**Task prompt**: Gather the lines from the material that contain "polymap".

**Extracted material**:
<<<<
(* The space $\mathcal K=\bigcup_{d\ge 2}\mathcal O_d$ of all polynomial knots, equipped with the inductive limit topology, is homotopy equivalent to $S^2$.
   Context: A polynomial map is a map $\phi:\mathbb R\to\mathbb R^3$ whose three component functions are real polynomials. A polynomial knot is a polynomial map which is a smooth embedding, i.e. $\phi$ is injective and $\phi'(t)\neq 0$ for all $t$. For an integer $d\ge 2$, $\mathcal A_d$ denotes the set of polynomial maps $t\mapsto (f(t),g(t),h(t))$ with $\deg f\le d-2$, $\deg g\le d-1$, $\deg h\le d$ (the zero polynomial allowed). Writing $f=\sum_{i=0}^{d-2}a_it^i$, $g=\sum_{i=0}^{d-1}b_it^i$, $h=\sum_{i=0}^{d}c_it^i$, the bijection $\eta:\mathcal A_d\to\mathbb R^{3d}$, $(f,g,h)\mapsto(a_0,\dots,a_{d-2},b_0,\dots,b_{d-1},c_0,\dots,c_d)$ is declared a homeomorphism (Euclidean topology on $\mathbb R^{3d}$). $\mathcal O_d$ is the set of polynomial knots in $\mathcal A_d$, with the subspace topology. Every polynomial knot lies in some $\mathcal O_d$, and $\mathcal K=\bigcup_{d\ge2}\mathcal O_d$ is the set of all polynomial knots. The inductive limit topology on $\mathcal K$: a set $V\subseteq\mathcal K$ is open iff $V\cap\mathcal O_d$ is open in $\mathcal O_d$ for every $d\ge 2$. *)

theory Defs
  imports "HOL-Analysis.Analysis" "HOL-Computational_Algebra.Polynomial"
begin

type_synonym polymap = "real poly \<times> real poly \<times> real poly"

definition pmap :: "polymap \<Rightarrow> real \<Rightarrow> real \<times> real \<times> real" where
  "pmap P t = (case P of (f, g, h) \<Rightarrow> (poly f t, poly g t, poly h t))"

definition poly_knot :: "polymap \<Rightarrow> bool" where
  "poly_knot P \<longleftrightarrow> (case P of (f, g, h) \<Rightarrow>
     inj (pmap P) \<and>
     (\<forall>t. (poly (pderiv f) t, poly (pderiv g) t, poly (pderiv h) t) \<noteq> (0, 0, 0)))"

definition A_set :: "nat \<Rightarrow> polymap set" where
  "A_set d = {(f, g, h). degree f \<le> d - 2 \<and> degree g \<le> d - 1 \<and> degree h \<le> d}"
>>>>
**Result**:
type_synonym polymap = "real poly \<times> real poly \<times> real poly"
definition pmap :: "polymap \<Rightarrow> real \<Rightarrow> real \<times> real \<times> real" where
definition poly_knot :: "polymap \<Rightarrow> bool" where
definition A_set :: "nat \<Rightarrow> polymap set" where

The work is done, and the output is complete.